- Theatrical release poster
- Directed by: Maria Diane Ventura
- Written by: Maria Diane Ventura; Aldus Santos; Chuck Gutierrez;
- Produced by: Francis Lumen; Maria Diane Ventura;
- Starring: Ely Buendia; Raimund Marasigan; Marcus Adoro; Buddy Zabala;
- Cinematography: Hilarion Banks
- Edited by: Chuck Gutierrez; Hilarion Banks; Adrian Arcega;
- Music by: Earl Drilon; Atlas Glaas;
- Production companies: DVent Pictures; Offshore Music; Voyage Studios; WEU Events Management Services;
- Distributed by: Warner Bros. Pictures
- Release date: March 21, 2025;
- Running time: 102 minutes
- Country: Philippines

= Eraserheads: Combo on the Run =

2025 documentary film

Eraserheads: Combo on the Run is a 2025 Philippine documentary film about the rock band Eraserheads. It follows the band's story leading up to their reunion concert in 2022. The film is directed by Maria Diane Ventura. The title comes from the song "Combo on the Run" from the band's debut album Ultraelectromagneticpop! (1993). The film was first released in theatres on March 21, 2025.

==Background==
Considered one of the most influential and successful bands in the Philippines, Eraserheads first broke up in 2002. They later reunited for a series of reunion concerts in 2008 and 2009 and have since made sporadic touring and promotional appearances in the country and overseas.

In December 2022, the band held their third reunion concert, titled "Huling El Bimbo" after the song of the same name, at the SMDC Festival Grounds in Parañaque City with an estimated 75,000 people in attendance. The success of the concert led to a world tour for the next three years.

Vocalist Ely Buendia first teased the documentary in a 2023 interview. The band later premiered the trailer for the documentary, directed by Buendia's former partner Maria Diane Ventura and named after the song of the same name, at San Diego Comic-Con in California in July 2024; it was later released online.

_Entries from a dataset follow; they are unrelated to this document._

lemma rotation_if_angle_at:
  assumes "angle_at V X Y = t" and "dist V X = dist V Y" and "X \<noteq> V"
  shows "Y - V = (X - V) * cis t \<or> Y - V = (X - V) * cis (- t)"
proof -
  define z where "z = X - V"
  define u where "u = (Y - V) / z"
  have z: "z \<noteq> 0" using assms(3) by (simp add: z_def)
  have Y: "Y - V = z * u" using z by (simp add: u_def)
  have "norm (Y - V) = norm z"
    using assms(2) by (simp add: z_def dist_norm norm_minus_commute)
  then have "norm u = 1"
    using z by (simp add: u_def norm_divide)
  moreover have "(norm z)\<^sup>2 * Re u = cos t * (norm z)\<^sup>2"
    using inner_eq_cos_angle_at[of X V Y] assms(1) \<open>norm u = 1\<close>
    by (simp add: Y z_def[symmetric] inner_mult_right_complex norm_mult power2_eq_square)
  then have "Re u = cos t" using z by simp
  ultimately show ?thesis
    using unimodular_eq_cis Y z_def by metis
qed

lemma norm_cis_pi_div_3_minus_1: "norm (cis (pi / 3) - 1) = 1"
proof -
  have "(norm (cis (pi / 3) - 1))\<^sup>2 = 1"
    unfolding cmod_power2 by (simp add: cos_60 sin_60 power2_eq_square)
  then show ?thesis
    using norm_ge_zero[of "cis (pi / 3) - 1"] unfolding power2_eq_1_iff by linarith
qed

lemma equilateral_rotate:
  assumes "P \<noteq> Q"
  shows "equilateral P Q (P + (Q - P) * cis (pi / 3))"
proof -
  have "Q - (P + (Q - P) * cis (pi / 3)) = - ((Q - P) * (cis (pi / 3) - 1))"
    by (simp add: algebra_simps)
  then show ?thesis
    using assms norm_cis_pi_div_3_minus_1
    by (simp add: equilateral_def dist_norm norm_mult norm_minus_commute)
qed

lemma equilateral_apex:
  assumes "equilateral P Q R"
  shows "R = P + (Q - P) * cis (pi / 3) \<or> R = P + (Q - P) * cis (- (pi / 3))"
proof -
  define z where "z = Q - P"
  define u where "u = (R - P) / z"
  have z: "z \<noteq> 0" using assms by (auto simp: equilateral_def z_def)
  have R: "R = P + z * u" using z by (simp add: u_def)
  have "norm (R - P) = norm z" "norm (R - Q) = norm z"
    using assms by (auto simp: equilateral_def dist_norm norm_minus_commute z_def)
  moreover have "R - P = z * u" "R - Q = z * (u - 1)"
    by (simp_all add: R z_def algebra_simps)
  ultimately have "norm u = 1" "norm (u - 1) = 1"
    using z by (simp_all add: norm_mult)
  then have "(Re u)\<^sup>2 + (Im u)\<^sup>2 = 1" "(Re u - 1)\<^sup>2 + (Im u)\<^sup>2 = 1"
    using cmod_power2[of u] cmod_power2[of "u - 1"] by simp_all
  then have "Re u = cos (pi / 3)"
    unfolding cos_60 power2_diff power_one mult_1_right by linarith
  then show ?thesis
    using unimodular_eq_cis[OF \<open>norm u = 1\<close>] R z_def by metis
qed

lemma tri_area_equilateral:
  assumes "equilateral P Q R"
  shows "tri_area P Q R = sqrt 3 / 4 * (dist P Q)\<^sup>2"
proof -
  have "\<bar>Im (cis (pi / 3))\<bar> = sqrt 3 / 2" "\<bar>Im (cis (- (pi / 3)))\<bar> = sqrt 3 / 2"
    by (simp_all add: sin_60)
  then obtain \<rho> where \<rho>: "R - P = (Q - P) * \<rho>" "\<bar>Im \<rho>\<bar> = sqrt 3 / 2"
    using equilateral_apex[OF assms] by (metis add_diff_cancel_left')
  have "cnj (Q - P) * (R - P) = of_real ((norm (Q - P))\<^sup>2) * \<rho>"
    unfolding \<rho>(1) complex_norm_square by (simp add: algebra_simps)
  then show ?thesis
    by (simp add: tri_area_def \<rho>(2) abs_mult dist_norm norm_minus_commute)
qed

lemma equilateral_on_unit_interval_in_triangle:
  assumes "P \<in> closed_segment 0 1" and "Q \<in> closed_segment 0 1" and "equilateral P Q R"
    and "R \<in> convex hull {0, 1, cis t}" and "0 \<le> sin t"
  shows "dist P Q * sin (t + pi / 3) \<le> sin t"
proof -
  obtain p q where pq: "P = of_real p" "Q = of_real q" "p \<le> 1" "q \<le> 1"
    using assms(1,2) by (auto simp: in_segment scaleR_conv_of_real)
  obtain b g where bg: "0 \<le> b" "0 \<le> g" "Re R = b + g * cos t" "Im R = g * sin t"
    using assms(4) by (auto simp: convex_hull_3)
  have "Re (cis (pi / 3)) = 1 / 2" "\<bar>Im (cis (pi / 3))\<bar> = sqrt 3 / 2"
    "Re (cis (- (pi / 3))) = 1 / 2" "\<bar>Im (cis (- (pi / 3)))\<bar> = sqrt 3 / 2"
    by (simp_all add: cos_60 sin_60)
  then obtain \<rho> where \<rho>: "R = P + (Q - P) * \<rho>" "Re \<rho> = 1 / 2" "\<bar>Im \<rho>\<bar> = sqrt 3 / 2"
    using equilateral_apex[OF assms(3)] by blast
  have "Re R = (p + q) / 2"
    using \<rho>(2) unfolding \<rho>(1) pq by (simp add: field_simps flip: of_real_diff)
  moreover have "\<bar>Im R\<bar> = sqrt 3 / 2 * \<bar>q - p\<bar>"
    using \<rho>(3) unfolding \<rho>(1) pq by (simp add: abs_mult flip: of_real_diff)
  moreover have "0 \<le> Im R"
    using bg assms(5) by simp
  ultimately have R: "Re R = (p + q) / 2" "Im R = sqrt 3 / 2 * dist P Q"
    by (simp_all add: pq dist_real_def dist_norm abs_minus_commute flip: of_real_diff)
  have "dist P Q * sin (t + pi / 3) = sin t * (dist P Q / 2) + cos t * Im R"
    by (simp add: sin_add cos_60 sin_60 R algebra_simps)
  \<comment> \<open>\<open>R\<close> lies on the same side of the line through \<open>0\<close> and \<open>cis t\<close> as \<open>1\<close>.\<close>
  also have "\<dots> \<le> sin t * (dist P Q / 2) + sin t * Re R"
    using bg assms(5) by (simp add: algebra_simps)
  also have "\<dots> \<le> sin t * (dist P Q / 2) + sin t * (1 - dist P Q / 2)"
  proof -
    have "Re R \<le> 1 - dist P Q / 2"
      using pq by (simp add: R dist_norm abs_if flip: of_real_diff)
    then show ?thesis
      using assms(5) by (simp add: mult_left_mono)
  qed
  finally show ?thesis
    by (simp add: algebra_simps)
qed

Ventura described the documentary as "a comprehensive deconstruction of the band’s mythology, humanity, complex relationship and the lasting mark they left on Filipino culture — one that transcends generations and differences". It took three years to complete, she added: "Each interview revealed new layers and complexities, which found us constantly reframing to deepen the narrative." Post-production for the film was done in Germany and the United States. It is also the first Philippine documentary to be mixed in Dolby Atmos.

==Release==
A work-in-progress version of the documentary was screened at the Manila International Film Festival on March 4, 2025, with Ventura in attendance. It was then released in Philippine cinemas in March 2025. Initially planned for a limited release from March 21 to 23, its theatrical run was extended to the following weeks due to popular demand. The band held a surprise performance at a sold-out screening in Quezon City.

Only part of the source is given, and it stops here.